La revelación del senador Domenici

Revista VIVA
La demencia frontotemporal afecta a las regiones frontales del cerebro, áreas responsables de la conducta. Los desórdenes conductuales de estos enfermos se caracterizan por la desinhibición social, la pérdida de la conciencia de la enfermedad y de la empatía hacia los demás.

El 4 de octubre de 2007, el senador republicano Pete V. Domenici, del estado de Nuevo México, en Estados Unidos, conmovió a la opinión pública de su país al anunciar que no buscaría ser reelecto al finalizar su sexto mandato, en 2009, debido a que padecía una enfermedad neuropsiquiátrica: la variante frontal o conductual de la demencia frontotemporal. Se trata de una enfermedad que afecta las regiones frontales del cerebro, áreas responsables de la conducta. Es por ello que se produce un cambio en la conducta personal y social de quienes la sufren, que se manifiesta en la dificultad para modular el comportamiento mientras que las habilidades cognitivas y discursivas, como la memoria, la atención, el lenguaje, la orientación y las funciones intelectuales, se encuentran preservadas en el momento del diagnóstico temprano. Esto último dificulta aún más el diagnóstico.

Los desórdenes conductuales de estos enfermos se caracterizan por la desinhibición social, la pérdida de conciencia de la enfermedad y de la empatía hacia los demás, la rigidez mental, las compulsiones, la conducta antisocial y una excesiva euforia. Asimismo, pueden presentar cambios dramáticos en las creencias y aptitudes que conllevan a la aparición de una nueva personalidad. Generalmente, suelen estar preocupados o concentrados en sí mismos, a la vez que disminuye el interés por la familia y los amigos. La progresión de la enfermedad conduce a una disminución en el juicio tanto social como financiero.

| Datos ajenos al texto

lemma prob_ratio_eq:
  assumes "t > 0" "u > 0"
  shows "prob {\<omega> \<in> space P. X \<omega> \<le> t * Y \<omega> \<and> Y \<omega> > u}
           = ratio_mass t / ray_exponent t * (1 - exp (- ray_exponent t / u))"
proof -
  define r where "r n = t + inverse (real (Suc n))" for n
  have r_gt: "r n > t" for n by (simp add: r_def)
  have r_lim: "r \<longlonglongrightarrow> t"
    unfolding r_def using tendsto_add[OF tendsto_const LIMSEQ_inverse_real_of_nat, of t] by simp
  have r_dec: "decseq r" unfolding r_def by (intro decseq_SucI) (simp add: field_simps)
  have c_nonzero: "ray_exponent t \<noteq> 0" using ray_exponent_pos[OF \<open>t > 0\<close>] by simp
  show ?thesis
  proof (rule antisym)
    have "(\<lambda>n. ratio_mass (r n) / ray_exponent t * (1 - exp (- ray_exponent t / u)))
        \<longlonglongrightarrow> ratio_mass t / ray_exponent t * (1 - exp (- ray_exponent t / u))"
      using c_nonzero r_gt r_lim by (intro tendsto_intros ratio_mass_tendsto) (auto intro: less_imp_le)
    then show "prob {\<omega> \<in> space P. X \<omega> \<le> t * Y \<omega> \<and> Y \<omega> > u}
        \<le> ratio_mass t / ray_exponent t * (1 - exp (- ray_exponent t / u))"
      by (rule LIMSEQ_le_const) (use prob_ratio_le[OF \<open>t > 0\<close> r_gt \<open>u > 0\<close>] in blast)
  next
    have "(\<lambda>n. ratio_mass t / ray_exponent (r n) * (1 - exp (- ray_exponent (r n) / u)))
        \<longlonglongrightarrow> ratio_mass t / ray_exponent t * (1 - exp (- ray_exponent t / u))"
      using c_nonzero \<open>u > 0\<close> r_gt r_lim \<open>t > 0\<close>
      by (intro tendsto_intros ray_exponent_tendsto) (auto intro: less_imp_le)
    moreover have "(\<lambda>n. prob {\<omega> \<in> space P. X \<omega> \<le> r n * Y \<omega> \<and> Y \<omega> > u})
        \<longlonglongrightarrow> prob {\<omega> \<in> space P. X \<omega> \<le> t * Y \<omega> \<and> Y \<omega> > u}"
      using prob_ratio_tendsto[OF r_dec r_lim] \<open>u > 0\<close> by simp
    ultimately show "ratio_mass t / ray_exponent t * (1 - exp (- ray_exponent t / u))
        \<le> prob {\<omega> \<in> space P. X \<omega> \<le> t * Y \<omega> \<and> Y \<omega> > u}"
      by (rule LIMSEQ_le) (use prob_ratio_ge[OF \<open>t > 0\<close> r_gt \<open>u > 0\<close>] in blast)
  qed
qed

lemma prob_ratio_tendsto_0:
  "(\<lambda>n. prob {\<omega> \<in> space P. X \<omega> \<le> t * Y \<omega> \<and> Y \<omega> > inverse (real (Suc n))})
     \<longlonglongrightarrow> prob {\<omega> \<in> space P. X \<omega> \<le> t * Y \<omega> \<and> Y \<omega> > 0}"
proof -
  define B where "B n = {\<omega> \<in> space P. X \<omega> \<le> t * Y \<omega> \<and> Y \<omega> > inverse (real (Suc n))}" for n
  have "range B \<subseteq> events" by (auto simp: B_def)
  moreover have "incseq B"
  proof (intro incseq_SucI subsetI)
    fix n \<omega> assume \<omega>: "\<omega> \<in> B n"
    have "inverse (real (Suc (Suc n))) \<le> inverse (real (Suc n))"
      by (rule le_imp_inverse_le) auto
    also have "\<dots> < Y \<omega>" using \<omega> by (simp add: B_def)
    finally show "\<omega> \<in> B (Suc n)" using \<omega> by (simp add: B_def)
  qed
  ultimately have "(\<lambda>n. prob (B n)) \<longlonglongrightarrow> prob (\<Union> (range B))"
    by (rule finite_Lim_measure_incseq)
  moreover have "\<Union> (range B) = {\<omega> \<in> space P. X \<omega> \<le> t * Y \<omega> \<and> Y \<omega> > 0}"
  proof (intro equalityI subsetI)
    fix \<omega> assume "\<omega> \<in> \<Union> (range B)"
    then obtain n where \<omega>: "\<omega> \<in> B n" by auto
    have "0 < inverse (real (Suc n))" by simp
    also have "\<dots> < Y \<omega>" using \<omega> by (simp add: B_def)
    finally show "\<omega> \<in> {\<omega> \<in> space P. X \<omega> \<le> t * Y \<omega> \<and> Y \<omega> > 0}"
      using \<omega> by (simp add: B_def)
  next
    fix \<omega> assume \<omega>: "\<omega> \<in> {\<omega> \<in> space P. X \<omega> \<le> t * Y \<omega> \<and> Y \<omega> > 0}"
    then obtain n where "inverse (real (Suc n)) < Y \<omega>" using reals_Archimedean by auto
    then show "\<omega> \<in> \<Union> (range B)" using \<omega> by (auto simp: B_def)
  qed
  ultimately show ?thesis by (simp add: B_def)
qed

lemma prob_ratio_eq_0:
  assumes "t > 0"
  shows "prob {\<omega> \<in> space P. X \<omega> \<le> t * Y \<omega> \<and> Y \<omega> > 0} = ratio_mass t / ray_exponent t"
proof -
  define c where "c = ray_exponent t"
  have "exp (- c / inverse (real (Suc n))) = exp (- c) ^ Suc n" for n
    using exp_of_nat_mult[of "Suc n" "- c"] by (simp add: divide_inverse mult.commute)
  moreover have "(\<lambda>n. exp (- c) ^ Suc n) \<longlonglongrightarrow> 0"
    using LIMSEQ_power_zero[of "exp (- c)"] ray_exponent_pos[OF assms] by (simp add: LIMSEQ_Suc c_def)
  ultimately have "(\<lambda>n. ratio_mass t / c * (1 - exp (- c / inverse (real (Suc n)))))
      \<longlonglongrightarrow> ratio_mass t / c * (1 - 0)"
    by (intro tendsto_intros) simp
  then have "(\<lambda>n. prob {\<omega> \<in> space P. X \<omega> \<le> t * Y \<omega> \<and> Y \<omega> > inverse (real (Suc n))})
      \<longlonglongrightarrow> ratio_mass t / c"
    using prob_ratio_eq[OF assms] by (simp add: c_def)
  then show ?thesis using LIMSEQ_unique[OF prob_ratio_tendsto_0] by (simp add: c_def)
qed

lemma prob_quotient_nonpos:
  assumes "u \<ge> 0"
  shows "prob {\<omega> \<in> space P. X \<omega> / Y \<omega> \<le> 0 \<and> Y \<omega> > u} = 0"
proof -
  have "prob {\<omega> \<in> space P. X \<omega> / Y \<omega> \<le> 0 \<and> Y \<omega> > u} \<le> 0"
  proof (rule field_le_epsilon)
    fix e :: real assume "e > 0"
    have "{\<omega> \<in> space P. X \<omega> / Y \<omega> \<le> 0 \<and> Y \<omega> > u} \<subseteq> {\<omega> \<in> space P. X \<omega> \<le> e * Y \<omega> \<and> Y \<omega> > 0}"
    proof (intro subsetI)
      fix \<omega> assume \<omega>: "\<omega> \<in> {\<omega> \<in> space P. X \<omega> / Y \<omega> \<le> 0 \<and> Y \<omega> > u}"
      then have "Y \<omega> > 0" using assms by auto
      moreover from this \<omega> have "X \<omega> \<le> 0" by (simp add: divide_le_0_iff)
      moreover from calculation have "0 < e * Y \<omega>" using \<open>e > 0\<close> by simp
      ultimately show "\<omega> \<in> {\<omega> \<in> space P. X \<omega> \<le> e * Y \<omega> \<and> Y \<omega> > 0}" using \<omega> by simp
    qed
    then have "prob {\<omega> \<in> space P. X \<omega> / Y \<omega> \<le> 0 \<and> Y \<omega> > u}
        \<le> prob {\<omega> \<in> space P. X \<omega> \<le> e * Y \<omega> \<and> Y \<omega> > 0}"
      by (intro finite_measure_mono) auto
    also have "\<dots> = ratio_mass e / ray_exponent e" by (rule prob_ratio_eq_0[OF \<open>e > 0\<close>])
    also have "\<dots> \<le> 1 / ray_exponent e"
      using ratio_mass_le_1 ray_exponent_pos[OF \<open>e > 0\<close>] by (intro divide_right_mono) auto
    also have "\<dots> \<le> e"
      using ray_exponent_ge[OF \<open>e > 0\<close>] ray_exponent_pos[OF \<open>e > 0\<close>] \<open>e > 0\<close>
      by (simp add: field_simps)
    finally show "prob {\<omega> \<in> space P. X \<omega> / Y \<omega> \<le> 0 \<and> Y \<omega> > u} \<le> 0 + e" by simp
  qed
  then show ?thesis using measure_nonneg[of P] by (meson antisym)
qed

lemma ray_exponent_split:
  assumes "t > 0"
  shows "ray_exponent t = ratio_mass t + excess_mass t / t"
proof -
  let ?E = "space M - ratio_set t"
  have "ray_exponent t = (\<integral>s. indicator (ratio_set t) s * g s + indicator ?E s * f s / t \<partial>M)"
    unfolding ray_exponent_def
  proof (intro Bochner_Integration.integral_cong refl)
    fix s assume s: "s \<in> space M"
    show "max (f s / t) (g s) = indicator (ratio_set t) s * g s + indicator ?E s * f s / t"
    proof (cases "f s \<le> t * g s")
      case True
      then have "f s / t \<le> g s" using assms by (simp add: pos_divide_le_eq mult.commute)
      then show ?thesis using True s by (simp add: ratio_set_def indicator_def)
    next
      case False
      then have "f s / t > g s" using assms by (simp add: pos_less_divide_eq mult.commute)
      then show ?thesis using False s by (simp add: ratio_set_def indicator_def)
    qed
  qed
  also have "\<dots> = ratio_mass t + excess_mass t / t"
  proof -
    have "integrable M (\<lambda>s. indicator ?E s * f s)"
      using integrable_real_mult_indicator[of ?E M f] integrable_f by (simp add: mult.commute)
    then show ?thesis
      unfolding ratio_mass_def excess_mass_def set_lebesgue_integral_def
      by (subst Bochner_Integration.integral_add) (auto intro: integrable_ratio_mass integrable_divide)
  qed
  finally show ?thesis .
qed

lemma prob_quotient_le:
  assumes "t \<ge> 0" "u \<ge> 0"
  shows "prob {\<omega> \<in> space P. X \<omega> / Y \<omega> \<le> t \<and> Y \<omega> > u} = ratio_rhs (ratio_mass t) (excess_mass t) t u"
proof (cases "t = 0")
  case True
  then show ?thesis using prob_quotient_nonpos[OF \<open>u \<ge> 0\<close>] by (simp add: ratio_rhs_def)
next
  case False
  then have "t > 0" using assms by simp
  have event: "{\<omega> \<in> space P. X \<omega> / Y \<omega> \<le> t \<and> Y \<omega> > u} = {\<omega> \<in> space P. X \<omega> \<le> t * Y \<omega> \<and> Y \<omega> > u}"
    using \<open>u \<ge> 0\<close> by (auto simp: pos_divide_le_eq mult.commute)
  have "t * ratio_mass t + excess_mass t = t * ray_exponent t"
    using ray_exponent_split[OF \<open>t > 0\<close>] \<open>t > 0\<close> by (simp add: field_simps)
  then have ratio: "ratio_mass t / ray_exponent t = t * ratio_mass t / (t * ratio_mass t + excess_mass t)"
    using \<open>t > 0\<close> by simp
  show ?thesis
  proof (cases "u = 0")
    case True
    then show ?thesis using prob_ratio_eq_0[OF \<open>t > 0\<close>] event ratio by (simp add: ratio_rhs_def)
  next
    case False
    then have "u > 0" using \<open>u \<ge> 0\<close> by simp
    then have "prob {\<omega> \<in> space P. X \<omega> / Y \<omega> \<le> t \<and> Y \<omega> > u}
        = ratio_mass t / ray_exponent t * (1 - exp (- ray_exponent t / u))"
      using prob_ratio_eq[OF \<open>t > 0\<close>] event by simp
    also have "\<dots> = t * ratio_mass t / (t * ratio_mass t + excess_mass t)
                     * (1 - exp (- (ratio_mass t + excess_mass t / t) / u))"
      by (subst ratio, subst ray_exponent_split[OF \<open>t > 0\<close>], rule refl)
    finally show ?thesis using \<open>t > 0\<close> \<open>u > 0\<close> by (simp add: ratio_rhs_def)
  qed
qed

lemma prob_quotient_gt_eq_0:
  assumes "t \<ge> 0" "emeasure M (space M - ratio_set t) = 0"
  shows "prob {\<omega> \<in> space P. X \<omega> / Y \<omega> > t} = 0"
proof -
  have "AE s in M. s \<notin> space M - ratio_set t"
    using assms(2) by (intro AE_not_in) auto
  then have excess_0: "excess_mass t = 0"
    unfolding excess_mass_def set_lebesgue_integral_def
    by (intro integral_eq_zero_AE) (auto elim: AE_mp)
  have "t > 0"
  proof (rule ccontr)
    assume "\<not> t > 0"
    then have "ratio_set t = {s \<in> space M. f s = 0}"
      using assms(1) f_nonneg by (force simp: ratio_set_def)
    then have "excess_mass t = integral\<^sup>L M f"
      unfolding excess_mass_def set_lebesgue_integral_def
      by (intro Bochner_Integration.integral_cong refl) (auto simp: indicator_def)
    then show False using excess_0 integral_f by simp
  qed
  have "ray_exponent t = ratio_mass t" using ray_exponent_split[OF \<open>t > 0\<close>] excess_0 by simp
  then have "ratio_mass t > 0" using ray_exponent_pos[OF \<open>t > 0\<close>] by simp
  then have "prob {\<omega> \<in> space P. X \<omega> / Y \<omega> \<le> t \<and> Y \<omega> > 0} = 1"
    using prob_quotient_le[OF assms(1) order_refl] excess_0 \<open>t > 0\<close> by (simp add: ratio_rhs_def)
  then have "prob (space P - {\<omega> \<in> space P. X \<omega> / Y \<omega> \<le> t \<and> Y \<omega> > 0}) = 0"
    by (subst prob_compl) auto
  moreover have "prob {\<omega> \<in> space P. X \<omega> / Y \<omega> > t}
      \<le> prob (space P - {\<omega> \<in> space P. X \<omega> / Y \<omega> \<le> t \<and> Y \<omega> > 0})"
    by (intro finite_measure_mono) auto
  ultimately show ?thesis using measure_nonneg[of P "{\<omega> \<in> space P. X \<omega> / Y \<omega> > t}"] by linarith
qed

end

Recientemente, nuestro laboratorio, en colaboración con otros expertos internacionales, ha publicado en la reconocida revista Brain nuevos criterios de diagnóstico con el objetivo de mejorar la detección de esta dolencia neuropsiquiátrica, una de las menos reconocidas en nuestra sociedad. En la ausencia de un test clínico definitivo, el diagnóstico se basa en criterios conductuales, en la entrevista a la familia y allegados, en la resonancia magnética cerebral, que debe mostrar atrofia frontal y debe ser realizada por un experto en demencias. Es importante también tener en cuenta la existencia del concepto de “fenocopias”. Se utiliza este nombre para denominar a aquellos cuadros de pacientes que cumplen con los criterios que mencionamos, pero que presentan poca progresión de la sintomatología conductual, mejor desempeño en las pruebas neuropsicológicas, tienen imágenes normales y relativa preservación de las actividades de la vida diaria. Esta variante también es conocida como no progresiva.

El anuncio del senador Domenici dejó preguntas sin responder. Por ejemplo, si la enfermedad podría interferir con sus planes de permanecer en el Senado hasta que su mandato terminara dos años más tarde. Tampoco aclaró desde hacía cuánto tiempo él sabía de su condición. “Durante los últimos años, he sentido muy poco impacto de esta enfermedad”, dijo al comunicar su decisión. Además manifestó que como la progresión había sido leve, había considerado, aunque luego desistió, servir al estado de Nuevo México por otro período de seis años.

Hasta el momento, el tratamiento de la variante frontal o conductual de la demencia frontotemporal atiende sólo los síntomas. Es fundamental considerar que, por sus problemas emocionales y de conducta, este tipo de demencia produce un gran estrés del cuidador. Por esto, estar informado acerca de la enfermedad y comprender su desarrollo es por sí mismo una manera efectiva de ayudar a las personas que la padecen y a sus seres queridos.